I have association results for 15 SNPs, which I would like to replicate in a second study but only 3/15 SNPs are present in both studies. Although I could try imputing the missing SNPs, I want to see if there are any good proxy SNPs I could use as substitutes for the missing SNPs. My question is, what is an acceptable r2 threshold for a proxy SNP? Is r2>0.5 between a proxy SNP and a "lead" SNP acceptable? I guess the weaker the r2 the lower the power will be in the second study.
It is better to choose SNPs that are in absolute LD (r2 =1, D prime =1) for replication. If not, the general consensus among researchers is r2 should be at least 0.8 or more.
My advice would be that SNPs should be selected with a Minor Allele Frequency (MAF) above or, at least, equal to 5% for the study population (HapMap CEU). Tag SNPs should be selected with a correlation coefficient r2 = or ≥0.8.
Jose Rueff
As I understand from your question, you already genotyped the second set for the "new" SNPs. You basically haven't chosen your SNPs. I agree with Jimmy Liu that your effect size of your first associations will be very important: low effect sizes means that lower r2 are more problematic. Choosing SNPs that were in perfect LD would have been the ideal situation. r2
r2 is sensitive to allele frequency. So in case your SNPs are rare (MAF < 5% for example) then you may be better off using D'. In this scenario there may be tag-SNPs with an r2 < 0.8 consensus threshold; but they could be still valid tags if D'=1.

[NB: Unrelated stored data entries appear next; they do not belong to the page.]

(* Let $d_*\ge1$ and $\Delta\in\mathbb N$, $\Delta\ge1$. Let $\approx_\Delta$ be the equivalence relation on $\mathbb Z^{d_*}$ generated by the relation: $a\sim b$ iff $|a|=|b|$ and $[a-b]\le\Delta$, and let $$d_\Delta=\sup\{[a-b]:\ a,b\in\mathbb Z^{d_*},\ a\approx_\Delta b\}.$$ Then $$d_\Delta\le C\,\Delta^{\frac{(d_*+1)!}{2}},$$ where $C$ depends only on $d_*$.
   Context: For $a\in\mathbb Z^{d_*}$, $|a|$ denotes the Euclidean norm, and $[a-b]=\min(|a-b|,|a+b|)$ for $a,b\in\mathbb Z^{d_*}$. "Generated by" means the smallest equivalence relation containing $\sim$ (i.e. $a\approx_\Delta b$ iff there is a finite chain $a=c_0\sim c_1\sim\dots\sim c_k=b$). *)

theory Defs
  imports "HOL-Analysis.Analysis"
begin

text \<open>Points of Z^d are vectors int^'n, d = CARD('n).\<close>

definition inorm :: "int ^ 'n \<Rightarrow> real" where
  "inorm a = sqrt (\<Sum>i\<in>UNIV. real_of_int ((a $ i)\<^sup>2))"

definition bdist :: "int ^ 'n \<Rightarrow> int ^ 'n \<Rightarrow> real" where
  "bdist a b = min (inorm (a - b)) (inorm (a + b))"

definition simrel :: "nat \<Rightarrow> int ^ 'n \<Rightarrow> int ^ 'n \<Rightarrow> bool" where
  "simrel \<Delta> a b \<longleftrightarrow> inorm a = inorm b \<and> bdist a b \<le> real \<Delta>"

definition approx_rel :: "nat \<Rightarrow> int ^ 'n \<Rightarrow> int ^ 'n \<Rightarrow> bool" where
  "approx_rel \<Delta> = equivclp (simrel \<Delta>)"

definition dDelta :: "nat \<Rightarrow> ('n::finite) itself \<Rightarrow> ereal" where
  "dDelta \<Delta> _ = Sup {ereal (bdist a b) | a b :: int ^ ('n::finite). approx_rel \<Delta> a b}"

end

theory Submission
  imports Defs
begin

text \<open>
  An approx-chain a = c_0 ~ c_1 ~ ... ~ c_k = b lifts, after changing signs, to a chain of lattice
  points on the sphere of radius |a| with steps of length at most Delta, and [a - b] is at most the
  distance between its end points. We bound |c_i - c_0| by induction on the dimension r of the span W
  of the differences c_j - c_0. For r = 1, a line through c_0 meets the sphere in at most one further
  point, which the chain must reach in a single step. For larger r, take the first m such that
  c_0, ..., c_m already span W: by induction these points lie within L = G + Delta of c_0, where
  G = C Delta^(r!/2), and their differences contain a basis u_1, ..., u_r of W. The conditions
  |c_0 + u_j| = |c_0| say that the projection of c_0 to W is -w, where <u_j, w> = |u_j|^2 / 2.
  In Cramer's rule for this system the Gram determinant is a nonzero integer, hence at least 1 in
  absolute value, so |w| <= C' L^(r+1); and every point of the sphere in c_0 + W lies within 2|w|
  of c_0. So the exponent of Delta is multiplied by r + 1 at each step, which gives Delta^((r+1)!/2).
\<close>

lemma abs_det_le_fact_mult_prod:
  fixes M :: "real^'n^'n"
  assumes "\<And>i j. \<bar>M$i$j\<bar> \<le> b i"
  shows "\<bar>det M\<bar> \<le> fact CARD('n) * prod b UNIV"
proof -
  have "\<bar>det M\<bar> \<le> (\<Sum>p | p permutes (UNIV::'n set). \<bar>of_int (sign p) * (\<Prod>i\<in>UNIV. M$i$p i)\<bar>)"
    unfolding det_def by (rule sum_abs)
  also have "\<dots> \<le> (\<Sum>p | p permutes (UNIV::'n set). prod b UNIV)"
    by (intro sum_mono) (simp add: abs_mult abs_prod sign_def prod_mono assms)
  also have "\<dots> = fact CARD('n) * prod b UNIV"
    by (simp add: card_permutations)
  finally show ?thesis .
qed

text \<open>The Gram matrix of u on S, padded with the identity outside S so that it is a square matrix
  over the index type and Cramer's rule applies.\<close>

definition gram_padded :: "'n set \<Rightarrow> ('n \<Rightarrow> 'a::real_inner) \<Rightarrow> real^'n^'n" where
  "gram_padded S u = (\<chi> i j. if i \<in> S \<and> j \<in> S then inner (u i) (u j) else if i = j then 1 else 0)"

lemma gram_padded_mult_vec_in:
  assumes "i \<in> S"
  shows "(gram_padded S u *v v) $ i = inner (u i) (\<Sum>j\<in>S. v$j *\<^sub>R u j)"
proof -
  have "(gram_padded S u *v v) $ i = (\<Sum>j\<in>UNIV. if j \<in> S then inner (u i) (u j) * v$j else 0)"
    unfolding matrix_vector_mult_def gram_padded_def using assms by (auto intro: sum.cong)
  also have "\<dots> = inner (u i) (\<Sum>j\<in>S. v$j *\<^sub>R u j)"
    by (simp add: sum.If_cases inner_sum_right mult.commute)
  finally show ?thesis .
qed

lemma gram_padded_mult_vec_out:
  assumes "i \<notin> S"
  shows "(gram_padded S u *v v) $ i = v $ i"
proof -
  have "\<And>j. (if i = j then 1 else 0) * v$j = (if i = j then v$j else 0)"
    by simp
  with assms show ?thesis
    by (simp add: matrix_vector_mult_def gram_padded_def)
qed

lemma det_gram_padded_nonzero:
  assumes inj: "inj_on u S" and indep: "independent (u ` S)"
  shows "det (gram_padded S u) \<noteq> 0"
proof -
  have "v = 0" if v: "gram_padded S u *v v = 0" for v
  proof -
    define w where "w = (\<Sum>j\<in>S. v$j *\<^sub>R u j)"
    have uw: "inner (u j) w = 0" if "j \<in> S" for j
      using gram_padded_mult_vec_in[OF that, of u v] v by (simp add: w_def)
    have "inner w w = (\<Sum>j\<in>S. v$j * inner (u j) w)"
      unfolding w_def by (simp add: inner_sum_left)
    also have "\<dots> = 0"
      using uw by simp
    finally have "w = 0" by simp
    then have "(\<Sum>x\<in>u ` S. v $ the_inv_into S u x *\<^sub>R x) = 0"
      by (simp add: sum.reindex[OF inj] the_inv_into_f_f[OF inj] w_def)
    then have "v $ the_inv_into S u (u j) = 0" if "j \<in> S" for j
      using independentD[OF indep _ subset_refl, of "\<lambda>x. v $ the_inv_into S u x" "u j"] that by auto
    then have "v$j = 0" if "j \<in> S" for j
      using that by (simp add: the_inv_into_f_f[OF inj])
    moreover have "v$j = 0" if "j \<notin> S" for j
      using gram_padded_mult_vec_out[OF that, of u v] v by simp
    ultimately show "v = 0" by (simp add: vec_eq_iff) blast
  qed
  then have "inj ((*v) (gram_padded S u))"
    by (intro injI) (metis matrix_vector_mult_diff_distrib right_minus_eq)
  then show ?thesis
    using det_nz_iff_inj[OF matrix_vector_mul_linear] by (metis matrix_of_matrix_vector_mul)
qed

lemma det_gram_padded_Ints:
  assumes "\<And>i j. i \<in> S \<Longrightarrow> j \<in> S \<Longrightarrow> inner (u i) (u j) \<in> \<int>"
  shows "det (gram_padded S u) \<in> \<int>"
  unfolding det_def gram_padded_def using assms by (intro Ints_sum Ints_mult Ints_prod) auto

lemma gram_padded_cramer_bound:
  fixes u :: "'n::finite \<Rightarrow> 'a::real_inner"
  assumes inj: "inj_on u S" and indep: "independent (u ` S)"
    and int_inner: "\<And>i j. i \<in> S \<Longrightarrow> j \<in> S \<Longrightarrow> inner (u i) (u j) \<in> \<int>"
    and norm: "\<And>i. i \<in> S \<Longrightarrow> norm (u i) \<le> L"
    and b: "\<And>i. \<bar>b$i\<bar> \<le> (if i \<in> S then L\<^sup>2 else 1)"
  obtains x where "gram_padded S u *v x = b" "\<And>k. \<bar>x$k\<bar> \<le> fact CARD('n) * L ^ (2 * card S)"
proof
  define A where "A = gram_padded S u"
  define R where "R i = (if i \<in> S then L\<^sup>2 else 1)" for i
  have detA: "det A \<noteq> 0"
    unfolding A_def by (rule det_gram_padded_nonzero[OF inj indep])
  then have detA1: "\<bar>det A\<bar> \<ge> 1"
    using Ints_nonzero_abs_ge1 det_gram_padded_Ints[of S u, OF int_inner] by (auto simp: A_def)
  define x where "x = (\<chi> k. det (\<chi> i j. if j = k then b$i else A$i$j) / det A)"
  show "gram_padded S u *v x = b"
    using cramer[OF detA] by (simp add: A_def x_def)
  have A: "\<bar>A$i$j\<bar> \<le> R i" for i j
  proof (cases "i \<in> S \<and> j \<in> S")
    case True
    have "\<bar>inner (u i) (u j)\<bar> \<le> norm (u i) * norm (u j)"
      by (rule Cauchy_Schwarz_ineq2)
    also have "\<dots> \<le> L * L"
      using True norm by (intro mult_mono) (auto intro: order_trans[OF norm_ge_zero])
    finally show ?thesis
      using True by (simp add: A_def R_def gram_padded_def power2_eq_square)
  next
    case False
    then show ?thesis
      by (auto simp: A_def R_def gram_padded_def)
  qed
  have b': "\<bar>b$i\<bar> \<le> R i" for i
    using b by (simp add: R_def)
  fix k
  have "\<bar>x$k\<bar> \<le> \<bar>det (\<chi> i j. if j = k then b$i else A$i$j)\<bar>"
    using divide_left_mono[OF detA1, of "\<bar>det (\<chi> i j. if j = k then b$i else A$i$j)\<bar>"]
    using detA by (simp add: x_def)
  also have "\<dots> \<le> fact CARD('n) * prod R UNIV"
    by (rule abs_det_le_fact_mult_prod) (simp add: A b')
  also have "prod R UNIV = L ^ (2 * card S)"
    by (simp add: R_def prod.If_cases power_mult)
  finally show "\<bar>x$k\<bar> \<le> fact CARD('n) * L ^ (2 * card S)" .
qed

Actually, it depends on the effect size. If the effect size is large, than r2 can be taken smaller. You can chose several SNPs with different r2 and conduct sensitivity analysis. With r2>=0.8 you have quite small number of subjects carrying mismatched alleles from SNPs in LD (compound heterozygotes) so it is quite reasonable to expect that the effect is not entirely due to those heterozygotes.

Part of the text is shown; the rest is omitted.